# [PROBLEM REQUIREMENTS]
Count how many lines below contain the word "inter", then give that number alone.

# [Stored data entries]
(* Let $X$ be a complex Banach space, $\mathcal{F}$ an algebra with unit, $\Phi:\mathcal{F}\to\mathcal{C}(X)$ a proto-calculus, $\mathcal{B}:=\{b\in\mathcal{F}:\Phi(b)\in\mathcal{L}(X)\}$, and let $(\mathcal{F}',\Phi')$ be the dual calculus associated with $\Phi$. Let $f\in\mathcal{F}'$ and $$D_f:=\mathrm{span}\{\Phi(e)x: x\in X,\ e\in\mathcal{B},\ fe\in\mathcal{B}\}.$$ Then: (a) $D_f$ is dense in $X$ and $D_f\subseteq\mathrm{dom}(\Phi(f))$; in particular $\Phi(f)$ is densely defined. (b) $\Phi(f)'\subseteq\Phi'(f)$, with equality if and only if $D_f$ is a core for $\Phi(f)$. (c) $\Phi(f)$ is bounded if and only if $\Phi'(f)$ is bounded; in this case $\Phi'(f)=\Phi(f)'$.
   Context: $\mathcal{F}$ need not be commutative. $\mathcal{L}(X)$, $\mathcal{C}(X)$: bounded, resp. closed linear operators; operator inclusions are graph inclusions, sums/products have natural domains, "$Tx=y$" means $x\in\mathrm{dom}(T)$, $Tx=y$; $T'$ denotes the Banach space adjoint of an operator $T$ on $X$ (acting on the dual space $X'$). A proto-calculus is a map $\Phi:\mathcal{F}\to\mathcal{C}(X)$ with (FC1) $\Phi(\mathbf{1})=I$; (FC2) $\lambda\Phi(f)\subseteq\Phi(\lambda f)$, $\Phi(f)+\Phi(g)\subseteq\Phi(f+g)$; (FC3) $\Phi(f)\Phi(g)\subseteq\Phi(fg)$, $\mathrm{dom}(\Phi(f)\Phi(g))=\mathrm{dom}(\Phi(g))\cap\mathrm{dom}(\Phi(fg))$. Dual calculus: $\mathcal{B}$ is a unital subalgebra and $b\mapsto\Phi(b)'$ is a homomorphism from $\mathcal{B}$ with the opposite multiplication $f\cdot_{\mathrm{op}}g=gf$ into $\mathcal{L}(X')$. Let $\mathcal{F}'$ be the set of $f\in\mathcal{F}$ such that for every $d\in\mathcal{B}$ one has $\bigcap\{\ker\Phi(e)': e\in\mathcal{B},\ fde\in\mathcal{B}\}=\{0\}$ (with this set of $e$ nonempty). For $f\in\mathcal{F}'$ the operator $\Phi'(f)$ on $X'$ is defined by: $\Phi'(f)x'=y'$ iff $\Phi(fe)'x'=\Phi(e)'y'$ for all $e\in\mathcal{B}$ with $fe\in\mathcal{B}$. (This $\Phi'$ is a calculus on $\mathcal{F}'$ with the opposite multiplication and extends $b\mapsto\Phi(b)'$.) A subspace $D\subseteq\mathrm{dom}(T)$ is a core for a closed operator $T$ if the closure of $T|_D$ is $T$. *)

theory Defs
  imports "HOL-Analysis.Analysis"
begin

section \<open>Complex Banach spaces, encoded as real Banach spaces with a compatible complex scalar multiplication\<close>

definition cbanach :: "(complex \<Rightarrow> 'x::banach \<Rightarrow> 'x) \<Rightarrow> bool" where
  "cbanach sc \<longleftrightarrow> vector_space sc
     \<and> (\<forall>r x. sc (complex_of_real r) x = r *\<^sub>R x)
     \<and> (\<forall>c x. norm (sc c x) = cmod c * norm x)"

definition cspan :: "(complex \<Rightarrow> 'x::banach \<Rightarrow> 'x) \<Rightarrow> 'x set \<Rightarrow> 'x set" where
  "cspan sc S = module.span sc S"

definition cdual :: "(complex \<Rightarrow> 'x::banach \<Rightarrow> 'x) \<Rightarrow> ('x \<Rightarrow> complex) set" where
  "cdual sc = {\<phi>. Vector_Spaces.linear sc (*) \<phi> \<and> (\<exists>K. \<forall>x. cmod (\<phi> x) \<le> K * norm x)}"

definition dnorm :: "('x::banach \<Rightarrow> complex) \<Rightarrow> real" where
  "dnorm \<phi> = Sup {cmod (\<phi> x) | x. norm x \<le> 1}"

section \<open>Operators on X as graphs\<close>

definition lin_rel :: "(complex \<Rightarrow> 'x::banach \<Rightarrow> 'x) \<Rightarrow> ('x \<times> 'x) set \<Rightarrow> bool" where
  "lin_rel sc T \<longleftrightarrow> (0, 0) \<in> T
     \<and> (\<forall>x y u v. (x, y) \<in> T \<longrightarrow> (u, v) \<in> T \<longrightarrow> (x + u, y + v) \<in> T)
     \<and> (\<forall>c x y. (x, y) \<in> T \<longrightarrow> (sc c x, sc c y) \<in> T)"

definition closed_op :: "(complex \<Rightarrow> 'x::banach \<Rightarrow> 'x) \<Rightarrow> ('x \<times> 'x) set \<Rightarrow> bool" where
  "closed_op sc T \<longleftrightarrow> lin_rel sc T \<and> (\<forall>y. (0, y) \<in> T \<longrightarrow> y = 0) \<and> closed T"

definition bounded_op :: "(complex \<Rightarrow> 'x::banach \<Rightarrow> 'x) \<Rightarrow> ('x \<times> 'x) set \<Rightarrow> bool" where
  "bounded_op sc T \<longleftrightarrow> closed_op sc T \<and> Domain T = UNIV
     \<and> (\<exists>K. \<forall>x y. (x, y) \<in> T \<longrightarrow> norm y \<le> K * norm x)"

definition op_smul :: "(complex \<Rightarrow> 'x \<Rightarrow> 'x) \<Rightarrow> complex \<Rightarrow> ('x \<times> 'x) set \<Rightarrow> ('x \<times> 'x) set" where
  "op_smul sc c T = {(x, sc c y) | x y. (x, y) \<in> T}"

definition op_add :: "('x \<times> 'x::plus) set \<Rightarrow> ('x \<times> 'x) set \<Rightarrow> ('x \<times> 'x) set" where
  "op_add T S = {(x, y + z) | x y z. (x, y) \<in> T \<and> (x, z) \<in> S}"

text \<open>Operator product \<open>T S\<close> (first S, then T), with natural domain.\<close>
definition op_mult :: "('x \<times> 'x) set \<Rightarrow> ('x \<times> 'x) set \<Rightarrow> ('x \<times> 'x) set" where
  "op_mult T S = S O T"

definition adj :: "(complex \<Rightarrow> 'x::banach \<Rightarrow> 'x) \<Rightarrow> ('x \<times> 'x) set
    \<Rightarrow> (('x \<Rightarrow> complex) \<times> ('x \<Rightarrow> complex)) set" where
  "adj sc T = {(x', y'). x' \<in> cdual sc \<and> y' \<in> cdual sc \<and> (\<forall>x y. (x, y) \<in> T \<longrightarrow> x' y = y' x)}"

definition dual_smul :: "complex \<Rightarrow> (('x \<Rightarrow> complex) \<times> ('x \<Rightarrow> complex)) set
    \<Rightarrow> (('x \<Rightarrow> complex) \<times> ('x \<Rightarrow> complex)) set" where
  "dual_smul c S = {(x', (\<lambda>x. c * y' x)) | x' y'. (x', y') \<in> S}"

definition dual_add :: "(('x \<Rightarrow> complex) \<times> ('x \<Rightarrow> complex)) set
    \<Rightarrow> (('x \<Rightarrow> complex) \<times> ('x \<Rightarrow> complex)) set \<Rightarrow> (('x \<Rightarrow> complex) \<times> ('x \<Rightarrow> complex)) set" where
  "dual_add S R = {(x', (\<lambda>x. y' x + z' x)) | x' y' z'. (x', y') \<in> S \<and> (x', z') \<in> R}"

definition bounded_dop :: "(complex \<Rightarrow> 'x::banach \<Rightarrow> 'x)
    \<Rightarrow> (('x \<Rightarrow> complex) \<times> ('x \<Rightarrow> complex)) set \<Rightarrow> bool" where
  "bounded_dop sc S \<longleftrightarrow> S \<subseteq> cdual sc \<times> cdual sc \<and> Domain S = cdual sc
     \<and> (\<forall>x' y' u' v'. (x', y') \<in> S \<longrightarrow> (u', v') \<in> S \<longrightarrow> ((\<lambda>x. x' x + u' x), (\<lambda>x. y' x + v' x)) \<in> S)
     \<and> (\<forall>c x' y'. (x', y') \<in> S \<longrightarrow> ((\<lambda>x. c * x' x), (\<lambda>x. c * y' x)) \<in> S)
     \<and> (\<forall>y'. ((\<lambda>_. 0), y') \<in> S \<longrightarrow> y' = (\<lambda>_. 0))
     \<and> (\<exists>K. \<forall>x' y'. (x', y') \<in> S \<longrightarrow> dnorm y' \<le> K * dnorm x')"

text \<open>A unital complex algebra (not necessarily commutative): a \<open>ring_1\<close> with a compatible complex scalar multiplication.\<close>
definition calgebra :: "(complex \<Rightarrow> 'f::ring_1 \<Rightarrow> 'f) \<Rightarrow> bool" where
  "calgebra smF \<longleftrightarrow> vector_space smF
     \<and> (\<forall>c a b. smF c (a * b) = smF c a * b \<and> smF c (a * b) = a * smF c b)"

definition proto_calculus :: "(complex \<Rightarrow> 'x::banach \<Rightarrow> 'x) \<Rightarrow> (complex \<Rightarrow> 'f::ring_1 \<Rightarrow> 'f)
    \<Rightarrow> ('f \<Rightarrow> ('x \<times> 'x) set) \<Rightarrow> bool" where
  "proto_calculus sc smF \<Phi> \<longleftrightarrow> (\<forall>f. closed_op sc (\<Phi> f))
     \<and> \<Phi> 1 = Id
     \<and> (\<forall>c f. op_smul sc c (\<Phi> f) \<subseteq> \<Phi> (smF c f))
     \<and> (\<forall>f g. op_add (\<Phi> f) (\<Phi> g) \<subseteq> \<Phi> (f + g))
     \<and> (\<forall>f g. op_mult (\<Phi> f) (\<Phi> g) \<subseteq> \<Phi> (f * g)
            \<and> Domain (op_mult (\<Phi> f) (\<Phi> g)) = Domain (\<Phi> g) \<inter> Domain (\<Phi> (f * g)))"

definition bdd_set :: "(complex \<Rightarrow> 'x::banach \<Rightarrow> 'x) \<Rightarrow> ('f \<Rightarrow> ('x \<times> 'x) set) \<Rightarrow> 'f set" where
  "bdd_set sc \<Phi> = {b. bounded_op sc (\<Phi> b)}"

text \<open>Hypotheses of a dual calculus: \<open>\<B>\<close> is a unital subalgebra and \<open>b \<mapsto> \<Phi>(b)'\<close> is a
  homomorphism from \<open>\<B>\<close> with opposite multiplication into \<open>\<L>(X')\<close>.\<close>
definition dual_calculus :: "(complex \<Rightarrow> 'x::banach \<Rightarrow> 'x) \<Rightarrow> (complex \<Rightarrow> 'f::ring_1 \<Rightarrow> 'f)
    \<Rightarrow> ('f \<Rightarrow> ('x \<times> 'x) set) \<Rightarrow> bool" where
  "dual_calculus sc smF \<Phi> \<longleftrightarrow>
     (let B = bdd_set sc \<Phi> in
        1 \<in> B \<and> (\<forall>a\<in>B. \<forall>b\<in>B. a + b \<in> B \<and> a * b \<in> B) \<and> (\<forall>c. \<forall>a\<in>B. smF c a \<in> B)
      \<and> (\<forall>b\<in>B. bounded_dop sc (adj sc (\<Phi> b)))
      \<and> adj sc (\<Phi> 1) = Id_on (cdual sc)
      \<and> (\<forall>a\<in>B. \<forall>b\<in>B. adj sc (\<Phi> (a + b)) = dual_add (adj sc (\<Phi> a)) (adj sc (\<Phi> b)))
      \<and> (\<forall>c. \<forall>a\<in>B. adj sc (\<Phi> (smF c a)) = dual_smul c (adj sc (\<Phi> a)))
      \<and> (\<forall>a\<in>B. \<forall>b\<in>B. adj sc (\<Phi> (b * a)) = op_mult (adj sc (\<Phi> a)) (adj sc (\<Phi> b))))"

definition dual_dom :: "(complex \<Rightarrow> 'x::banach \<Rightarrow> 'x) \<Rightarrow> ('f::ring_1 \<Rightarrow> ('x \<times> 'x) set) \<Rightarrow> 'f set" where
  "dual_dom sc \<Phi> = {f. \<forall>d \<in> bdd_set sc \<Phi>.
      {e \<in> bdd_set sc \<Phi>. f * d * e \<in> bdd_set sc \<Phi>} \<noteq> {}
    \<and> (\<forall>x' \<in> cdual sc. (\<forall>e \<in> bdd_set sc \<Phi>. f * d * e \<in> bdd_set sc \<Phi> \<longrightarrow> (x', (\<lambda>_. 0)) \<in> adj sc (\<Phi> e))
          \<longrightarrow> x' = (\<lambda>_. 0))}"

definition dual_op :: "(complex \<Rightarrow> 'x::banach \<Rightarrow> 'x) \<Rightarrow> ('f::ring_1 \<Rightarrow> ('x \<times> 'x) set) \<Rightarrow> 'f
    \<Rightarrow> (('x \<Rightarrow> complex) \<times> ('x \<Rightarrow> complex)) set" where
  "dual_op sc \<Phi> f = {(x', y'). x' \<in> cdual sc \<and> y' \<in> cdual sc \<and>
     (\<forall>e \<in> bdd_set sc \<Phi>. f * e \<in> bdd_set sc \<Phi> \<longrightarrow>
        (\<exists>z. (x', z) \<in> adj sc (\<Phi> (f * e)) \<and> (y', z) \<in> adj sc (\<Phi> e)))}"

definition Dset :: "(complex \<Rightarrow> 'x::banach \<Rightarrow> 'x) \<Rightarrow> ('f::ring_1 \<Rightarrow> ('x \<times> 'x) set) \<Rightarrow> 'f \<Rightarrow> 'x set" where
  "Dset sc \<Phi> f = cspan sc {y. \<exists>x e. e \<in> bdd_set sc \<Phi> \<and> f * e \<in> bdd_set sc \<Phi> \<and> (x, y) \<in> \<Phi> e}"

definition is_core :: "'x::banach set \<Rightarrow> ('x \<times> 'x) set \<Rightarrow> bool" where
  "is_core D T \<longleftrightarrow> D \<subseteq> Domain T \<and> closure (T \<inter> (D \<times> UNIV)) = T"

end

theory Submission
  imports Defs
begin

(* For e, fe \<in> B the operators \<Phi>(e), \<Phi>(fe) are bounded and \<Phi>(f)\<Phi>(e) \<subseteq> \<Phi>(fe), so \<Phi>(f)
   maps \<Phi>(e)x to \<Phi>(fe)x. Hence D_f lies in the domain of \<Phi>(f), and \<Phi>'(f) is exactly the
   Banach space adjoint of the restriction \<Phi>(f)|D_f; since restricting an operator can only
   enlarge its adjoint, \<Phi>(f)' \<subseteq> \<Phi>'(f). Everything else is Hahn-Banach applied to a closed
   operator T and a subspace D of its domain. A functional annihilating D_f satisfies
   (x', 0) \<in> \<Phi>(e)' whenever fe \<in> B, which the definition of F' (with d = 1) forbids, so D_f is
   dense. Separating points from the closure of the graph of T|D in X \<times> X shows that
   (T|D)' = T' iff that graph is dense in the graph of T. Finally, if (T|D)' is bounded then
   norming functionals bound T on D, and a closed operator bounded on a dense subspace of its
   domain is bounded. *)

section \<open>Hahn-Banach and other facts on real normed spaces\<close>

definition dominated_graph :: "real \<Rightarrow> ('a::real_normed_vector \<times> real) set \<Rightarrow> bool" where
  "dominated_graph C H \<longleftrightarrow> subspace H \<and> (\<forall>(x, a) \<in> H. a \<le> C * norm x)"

...

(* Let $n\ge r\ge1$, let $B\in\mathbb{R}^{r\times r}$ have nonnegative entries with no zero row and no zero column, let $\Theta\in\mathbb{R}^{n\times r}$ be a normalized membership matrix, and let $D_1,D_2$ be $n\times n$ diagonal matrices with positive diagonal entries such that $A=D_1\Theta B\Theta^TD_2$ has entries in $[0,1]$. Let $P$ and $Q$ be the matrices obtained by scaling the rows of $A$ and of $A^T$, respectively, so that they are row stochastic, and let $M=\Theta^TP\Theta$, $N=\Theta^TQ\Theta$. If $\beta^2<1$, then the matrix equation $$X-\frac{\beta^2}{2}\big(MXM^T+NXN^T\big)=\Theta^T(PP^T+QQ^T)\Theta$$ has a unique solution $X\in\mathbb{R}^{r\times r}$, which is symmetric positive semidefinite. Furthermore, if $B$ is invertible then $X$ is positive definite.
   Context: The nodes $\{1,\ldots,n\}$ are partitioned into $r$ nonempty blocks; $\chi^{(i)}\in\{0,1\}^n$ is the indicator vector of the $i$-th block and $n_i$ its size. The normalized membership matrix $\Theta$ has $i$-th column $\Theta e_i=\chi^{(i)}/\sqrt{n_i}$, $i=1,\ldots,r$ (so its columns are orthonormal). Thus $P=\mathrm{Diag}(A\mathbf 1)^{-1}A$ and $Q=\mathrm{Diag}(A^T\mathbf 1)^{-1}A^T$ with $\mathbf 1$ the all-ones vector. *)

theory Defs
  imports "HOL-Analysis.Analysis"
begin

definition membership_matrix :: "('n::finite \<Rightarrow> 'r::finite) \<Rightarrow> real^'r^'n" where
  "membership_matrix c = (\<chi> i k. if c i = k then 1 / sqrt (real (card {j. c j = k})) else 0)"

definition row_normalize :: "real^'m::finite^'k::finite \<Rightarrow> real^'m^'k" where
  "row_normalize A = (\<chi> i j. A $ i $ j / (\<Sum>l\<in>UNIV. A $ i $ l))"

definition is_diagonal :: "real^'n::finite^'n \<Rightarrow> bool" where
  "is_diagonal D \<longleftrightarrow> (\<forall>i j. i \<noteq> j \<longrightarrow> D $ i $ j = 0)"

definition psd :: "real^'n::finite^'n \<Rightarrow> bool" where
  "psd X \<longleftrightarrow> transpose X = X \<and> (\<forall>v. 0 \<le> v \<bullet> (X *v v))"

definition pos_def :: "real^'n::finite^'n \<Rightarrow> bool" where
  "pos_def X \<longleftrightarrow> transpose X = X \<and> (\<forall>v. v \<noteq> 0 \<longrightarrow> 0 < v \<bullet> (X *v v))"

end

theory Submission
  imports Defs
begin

---

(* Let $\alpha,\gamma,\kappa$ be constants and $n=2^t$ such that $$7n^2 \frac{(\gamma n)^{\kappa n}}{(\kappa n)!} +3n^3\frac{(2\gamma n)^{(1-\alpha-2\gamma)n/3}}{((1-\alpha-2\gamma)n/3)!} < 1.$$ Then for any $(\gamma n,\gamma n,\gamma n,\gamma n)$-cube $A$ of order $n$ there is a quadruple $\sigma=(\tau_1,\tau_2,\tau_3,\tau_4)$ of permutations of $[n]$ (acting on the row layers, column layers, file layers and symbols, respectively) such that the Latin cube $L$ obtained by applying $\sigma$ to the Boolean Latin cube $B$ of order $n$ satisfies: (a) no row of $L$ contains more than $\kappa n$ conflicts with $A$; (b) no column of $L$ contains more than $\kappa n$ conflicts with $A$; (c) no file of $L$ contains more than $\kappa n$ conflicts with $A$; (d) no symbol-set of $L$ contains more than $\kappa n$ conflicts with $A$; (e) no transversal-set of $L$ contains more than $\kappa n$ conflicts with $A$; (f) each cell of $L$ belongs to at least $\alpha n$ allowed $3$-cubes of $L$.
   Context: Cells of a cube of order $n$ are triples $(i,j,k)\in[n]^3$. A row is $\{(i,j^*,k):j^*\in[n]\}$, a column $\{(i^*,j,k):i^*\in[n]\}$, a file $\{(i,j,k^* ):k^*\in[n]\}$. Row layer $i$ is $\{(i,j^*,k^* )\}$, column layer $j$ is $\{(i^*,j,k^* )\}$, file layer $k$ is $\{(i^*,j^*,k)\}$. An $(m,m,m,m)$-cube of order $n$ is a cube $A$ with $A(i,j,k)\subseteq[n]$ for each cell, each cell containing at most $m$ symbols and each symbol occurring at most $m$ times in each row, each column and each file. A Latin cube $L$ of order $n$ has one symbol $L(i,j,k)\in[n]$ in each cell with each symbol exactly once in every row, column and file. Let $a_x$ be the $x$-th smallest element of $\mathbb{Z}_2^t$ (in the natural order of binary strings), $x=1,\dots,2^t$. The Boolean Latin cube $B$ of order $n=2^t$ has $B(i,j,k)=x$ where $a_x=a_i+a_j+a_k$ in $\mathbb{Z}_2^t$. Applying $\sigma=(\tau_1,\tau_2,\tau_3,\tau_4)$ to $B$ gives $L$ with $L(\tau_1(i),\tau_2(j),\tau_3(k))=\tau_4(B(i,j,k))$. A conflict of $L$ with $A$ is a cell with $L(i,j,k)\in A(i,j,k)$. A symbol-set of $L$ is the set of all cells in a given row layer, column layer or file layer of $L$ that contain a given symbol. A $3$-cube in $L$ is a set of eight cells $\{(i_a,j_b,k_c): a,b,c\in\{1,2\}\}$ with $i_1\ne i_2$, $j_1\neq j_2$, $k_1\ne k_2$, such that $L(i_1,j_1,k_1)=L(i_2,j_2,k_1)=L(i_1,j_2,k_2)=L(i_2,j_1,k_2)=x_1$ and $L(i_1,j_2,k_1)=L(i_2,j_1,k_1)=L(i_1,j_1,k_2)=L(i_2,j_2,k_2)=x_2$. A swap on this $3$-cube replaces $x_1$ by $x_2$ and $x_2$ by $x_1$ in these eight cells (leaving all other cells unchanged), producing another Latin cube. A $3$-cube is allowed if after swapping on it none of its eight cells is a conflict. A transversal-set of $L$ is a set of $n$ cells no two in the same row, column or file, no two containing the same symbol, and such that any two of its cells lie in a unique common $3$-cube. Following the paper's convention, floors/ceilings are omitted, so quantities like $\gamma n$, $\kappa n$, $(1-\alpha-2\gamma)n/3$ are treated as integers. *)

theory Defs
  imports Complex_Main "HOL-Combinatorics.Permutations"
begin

# [EXERCISE OUTPUT]
2